--- WHAT IS BEING ASKED ---
Look below for lines that hold the string "also" and copy each one.

--- DATASET RECORDS ---
lemma depth_div_less_num_blocks:
  assumes "finite V" and "x \<in> V" and "2 \<le> g"
  shows "depth T r x div (g - 1) < num_blocks V T r g"
proof -
  define t where "t = tree_length V T r"
  have "depth T r x \<le> t"
    unfolding t_def tree_length_def using assms(1,2) by simp
  then have "real (depth T r x div (g - 1)) * real (g - 1) < real (t + 1)"
    by (metis div_times_less_eq_dividend le_imp_less_Suc Suc_eq_plus1 order_le_less_trans
        of_nat_less_iff of_nat_mult)
  then have "real (depth T r x div (g - 1)) < real (t + 1) / real (g - 1)"
    using assms(3) by (simp add: pos_less_divide_eq)
  also have "\<dots> \<le> of_int \<lceil>real (t + 1) / real (g - 1)\<rceil>" by (rule le_of_int_ceiling)
  finally show ?thesis unfolding num_blocks_def t_def by linarith
qed

lemma backward_arc_cond_edge:
  assumes "A \<subseteq> V \<times> V" and "unique_parents T r" and "T \<subseteq> A" and "\<forall>u\<in>V. (r, u) \<in> T\<^sup>*"
    and "2 \<le> girth A" and "backward_arc A T x y"
  shows "cond_edge V A T r (girth A) (depth T r x div (girth A - 1)) (depth T r y div (girth A - 1))"
proof -
  let ?q = "girth A - 1"
  have V: "x \<in> V" "y \<in> V" using assms(1,6) unfolding backward_arc_def by auto
  then have "depth T r y + ?q \<le> depth T r x"
    using depth_backward_arc[OF assms(2,3) _ assms(6)] assms(4) by blast
  then have "(depth T r y + ?q) div ?q \<le> depth T r x div ?q" by (rule div_le_mono)
  moreover have "(depth T r y + ?q) div ?q = depth T r y div ?q + 1"
    using assms(5) by (intro div_add_self2) simp
  ultimately have "depth T r y div ?q < depth T r x div ?q" by linarith
  then show ?thesis
    unfolding cond_edge_def block_eq_depth_div[OF assms(5)] using assms(6) V by blast
qed

lemma chromatic_number_colouringE:
  assumes "finite W" and "\<forall>x\<in>W. \<not> E x x"
  obtains f where "f ` W \<subseteq> {0..<chromatic_number W E}"
    and "\<forall>x\<in>W. \<forall>y\<in>W. E x y \<longrightarrow> f x \<noteq> f y"
proof -
  obtain h where h: "bij_betw h W {0..<card W}" using ex_bij_betw_finite_nat[OF assms(1)] by blast
  have "h x \<noteq> h y" if "x \<in> W" "y \<in> W" "E x y" for x y
  proof
    assume "h x = h y"
    with h that(1,2) have "x = y" unfolding bij_betw_def by (blast dest: inj_onD)
    with that assms(2) show False by blast
  qed
  moreover have "h ` W \<subseteq> {0..<card W}" using h by (simp add: bij_betw_def)
  ultimately have "\<exists>f. f ` W \<subseteq> {0..<card W} \<and> (\<forall>x\<in>W. \<forall>y\<in>W. E x y \<longrightarrow> f x \<noteq> f y)"
    by blast
  then have "\<exists>f. f ` W \<subseteq> {0..<chromatic_number W E} \<and> (\<forall>x\<in>W. \<forall>y\<in>W. E x y \<longrightarrow> f x \<noteq> f y)"
    unfolding chromatic_number_def by (rule LeastI)
  with that show ?thesis by blast
qed
lemma TD_eq_Min_points_in_halfspace:
  fixes S :: "'a::euclidean_space multiset"
  shows "TD S q = Min (points_in_halfspace S q ` {v. v \<noteq> 0})"
proof -
  define T where "T = (\<lambda>(a, b). size (filter_mset (\<lambda>x. a \<bullet> x \<le> b) S)) `
                        {(a, b). a \<noteq> 0 \<and> a \<bullet> q \<le> b}"
  let ?Y = "points_in_halfspace S q ` {v. v \<noteq> 0}"
  have "finite T"
    by (rule finite_subset[of _ "{..size S}"]) (auto simp: T_def intro: size_filter_mset_lesseq)
  have "?Y \<noteq> {}" using ex_nonzero_vector by auto
  have "?Y \<subseteq> T"
  proof
    fix n assume "n \<in> ?Y"
    then obtain v where "v \<noteq> 0" "n = points_in_halfspace S q v" by blast
    then show "n \<in> T"
      unfolding T_def points_in_halfspace_def
      by (intro image_eqI[of _ _ "(- v, - v \<bullet> q)"]) (auto simp: inner_diff_right)
  qed
  then have "Min T \<le> Min ?Y"
    using \<open>?Y \<noteq> {}\<close> \<open>finite T\<close> by (rule Min_antimono)
  moreover have "Min ?Y \<le> Min T"
  proof -
    have "Min T \<in> T" using \<open>finite T\<close> \<open>?Y \<subseteq> T\<close> \<open>?Y \<noteq> {}\<close> by (intro Min_in) auto
    then obtain a b where "a \<noteq> 0" "a \<bullet> q \<le> b"
      and min: "Min T = size (filter_mset (\<lambda>x. a \<bullet> x \<le> b) S)"
      unfolding T_def by (elim imageE) auto
    have "points_in_halfspace S q (- a) \<le> Min T"
      unfolding min points_in_halfspace_def using \<open>a \<bullet> q \<le> b\<close>
      by (intro size_mset_mono filter_mset_mono_strong) (auto simp: inner_diff_right)
    moreover have "Min ?Y \<le> points_in_halfspace S q (- a)"
      using \<open>a \<noteq> 0\<close> by (intro Min_le finite_points_in_halfspace_image) auto
    ultimately show ?thesis by linarith
  qed
  ultimately show ?thesis by (simp add: TD_def T_def)
qed

lemma RD_eq_Min_points_in_halfspace:
  assumes "arrangement A"
  shows "RD A q = Min (points_in_halfspace (dual_arr A q) q ` {v. v \<noteq> 0})"
proof -
  have "card {h\<in>A. ray_hits q v h} = points_in_halfspace (dual_arr A q) q v" for v
  proof -
    have "{h\<in>A. ray_hits q v h} = {h\<in>A. 0 \<le> v \<bullet> (closest_point h q - q)}"
      using assms ray_hits_iff_closest_point by (auto simp: arrangement_def)
    then show ?thesis
      using assms by (simp add: points_in_halfspace_def dual_arr_def filter_mset_image_mset arrangement_def)
  qed
  then show ?thesis by (simp add: RD_def)
qed

lemma RD_eq_TD:
  assumes "arrangement A"
  shows "RD A q = TD (dual_arr A q) q"
  using assms by (simp add: RD_eq_Min_points_in_halfspace TD_eq_Min_points_in_halfspace)

lemma one_le_RD_iff_in_convex_hull:
  assumes "arrangement B"
  shows "1 \<le> RD B q \<longleftrightarrow> q \<in> convex hull (set_mset (dual_arr B q))"
proof -
  have "{v. v \<noteq> 0} \<noteq> ({} :: 'a set)" using ex_nonzero_vector by auto
  then have "1 \<le> RD B q \<longleftrightarrow> (\<forall>v. v \<noteq> 0 \<longrightarrow> 1 \<le> points_in_halfspace (dual_arr B q) q v)"
    using assms by (simp add: RD_eq_Min_points_in_halfspace finite_points_in_halfspace_image)
  also have "\<dots> \<longleftrightarrow> (\<forall>v. v \<noteq> 0 \<longrightarrow> (\<exists>x\<in>#dual_arr B q. 0 \<le> v \<bullet> (x - q)))"
    by (auto simp: points_in_halfspace_def Suc_le_eq nonempty_has_size[symmetric])
  also have "\<dots> \<longleftrightarrow> q \<in> convex hull (set_mset (dual_arr B q))"
    by (simp add: in_convex_hull_iff_halfspaces)
  finally show ?thesis .
qed

lemma set_mset_dual_arr: "finite B \<Longrightarrow> set_mset (dual_arr B q) = (\<lambda>h. closest_point h q) ` B"
  by (simp add: dual_arr_def)

lemma one_le_RD_image_iff:
  assumes "arrangement A" "h ` I \<subseteq> A"
  shows "1 \<le> RD (h ` I) q \<longleftrightarrow> q \<in> convex hull ((\<lambda>i. closest_point (h i) q) ` I)"
proof -
  have "arrangement (h ` I)" using assms by (rule arrangement_subset)
  then have "finite (h ` I)" by (simp add: arrangement_def)
  then have "set_mset (dual_arr (h ` I) q) = (\<lambda>i. closest_point (h i) q) ` I"
    by (simp add: set_mset_dual_arr image_comp)
  with one_le_RD_iff_in_convex_hull[OF \<open>arrangement (h ` I)\<close>] show ?thesis by simp
qed

lemma mset_set_set_mset_eq:
  assumes "\<And>x. count M x \<le> 1"
  shows "mset_set (set_mset M) = M"
proof (rule multiset_eqI)
  fix x
  show "count (mset_set (set_mset M)) x = count M x"
  proof (cases "x \<in># M")
    case True
    then have "0 < count M x" by simp
    with assms[of x] have "count M x = 1" by linarith
    with True show ?thesis by (simp add: count_mset_set)
  qed (simp add: count_mset_set not_in_iff)
qed

lemma mset_set_eq_plusE:
  assumes "finite A" "mset_set A = M + N"
  obtains A1 A2 where "A = A1 \<union> A2" "A1 \<inter> A2 = {}" "M = mset_set A1" "N = mset_set A2"
proof
  have count: "count M x + count N x = count (mset_set A) x" for x
    by (simp add: assms(2))
  then have le: "count M x + count N x \<le> 1" for x
    by (simp add: count_mset_set')
  show "A = set_mset M \<union> set_mset N"
  proof (rule set_eqI)
    fix x
    show "x \<in> A \<longleftrightarrow> x \<in> set_mset M \<union> set_mset N"
      using count[of x] assms(1)
      by (auto simp: count_mset_set' simp flip: count_greater_zero_iff split: if_split_asm)
  qed
  have "\<not> (x \<in># M \<and> x \<in># N)" for x
    using le[of x] by (auto simp flip: count_greater_zero_iff)
  then show "set_mset M \<inter> set_mset N = {}" by blast
  show "M = mset_set (set_mset M)"
    by (rule mset_set_set_mset_eq[symmetric]) (rule add_leD1[OF le])
  show "N = mset_set (set_mset N)"
    by (rule mset_set_set_mset_eq[symmetric]) (rule add_leD2[OF le])
qed

lemma image_mset_mset_set_eq_plusE:
  assumes "finite A" "image_mset f (mset_set A) = M + N"
  obtains A1 A2 where "A = A1 \<union> A2" "A1 \<inter> A2 = {}"
    "M = image_mset f (mset_set A1)" "N = image_mset f (mset_set A2)"
proof -
  obtain M' N' where MN: "mset_set A = M' + N'" "M = image_mset f M'" "N = image_mset f N'"
    using image_mset_eq_plusD[OF assms(2)] by blast
  obtain A1 A2 where "A = A1 \<union> A2" "A1 \<inter> A2 = {}" "M' = mset_set A1" "N' = mset_set A2"
    using assms(1) MN(1) by (rule mset_set_eq_plusE)
  with MN(2,3) show thesis by (intro that) simp_all
qed

lemma subseteq_image_mset_mset_setE:
  assumes "finite A" "M \<subseteq># image_mset f (mset_set A)"
  obtains A' where "A' \<subseteq> A" "M = image_mset f (mset_set A')"
proof -
  obtain N where "image_mset f (mset_set A) = M + N"
    using assms(2) by (auto simp: mset_subset_eq_exists_conv)
  with assms(1) obtain A1 A2 where "A = A1 \<union> A2" "M = image_mset f (mset_set A1)"
    by (elim image_mset_mset_set_eq_plusE) blast
  then show thesis by (intro that[of A1]) auto
qed

lemma sum_image_mset_mset_set_disjoint_family:
  assumes "finite I" "\<forall>i\<in>I. finite (F i)" "\<forall>i\<in>I. \<forall>j\<in>I. i \<noteq> j \<longrightarrow> F i \<inter> F j = {}"
  shows "(\<Sum>i\<in>I. image_mset f (mset_set (F i))) = image_mset f (mset_set (\<Union>i\<in>I. F i))"
  using assms
proof (induction I rule: finite_induct)
  case (insert i I)
  have IH: "(\<Sum>j\<in>I. image_mset f (mset_set (F j))) = image_mset f (mset_set (\<Union>j\<in>I. F j))"
    using insert.prems by (intro insert.IH) auto
  have "\<forall>j\<in>I. F i \<inter> F j = {}" using insert.prems(2) insert.hyps(2) by fastforce
  then have "F i \<inter> (\<Union>j\<in>I. F j) = {}" by blast
  moreover have "finite (F i)" "finite (\<Union>j\<in>I. F j)" using insert.hyps(1) insert.prems(1) by auto
  ultimately show ?case using insert.hyps IH by (simp add: mset_set_Union)
qed simp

--- SOLUTION TO THIS EXERCISE ---
  also have "\<dots> \<le> of_int \<lceil>real (t + 1) / real (g - 1)\<rceil>" by (rule le_of_int_ceiling)
  also have "\<dots> \<longleftrightarrow> (\<forall>v. v \<noteq> 0 \<longrightarrow> (\<exists>x\<in>#dual_arr B q. 0 \<le> v \<bullet> (x - q)))"
  also have "\<dots> \<longleftrightarrow> q \<in> convex hull (set_mset (dual_arr B q))"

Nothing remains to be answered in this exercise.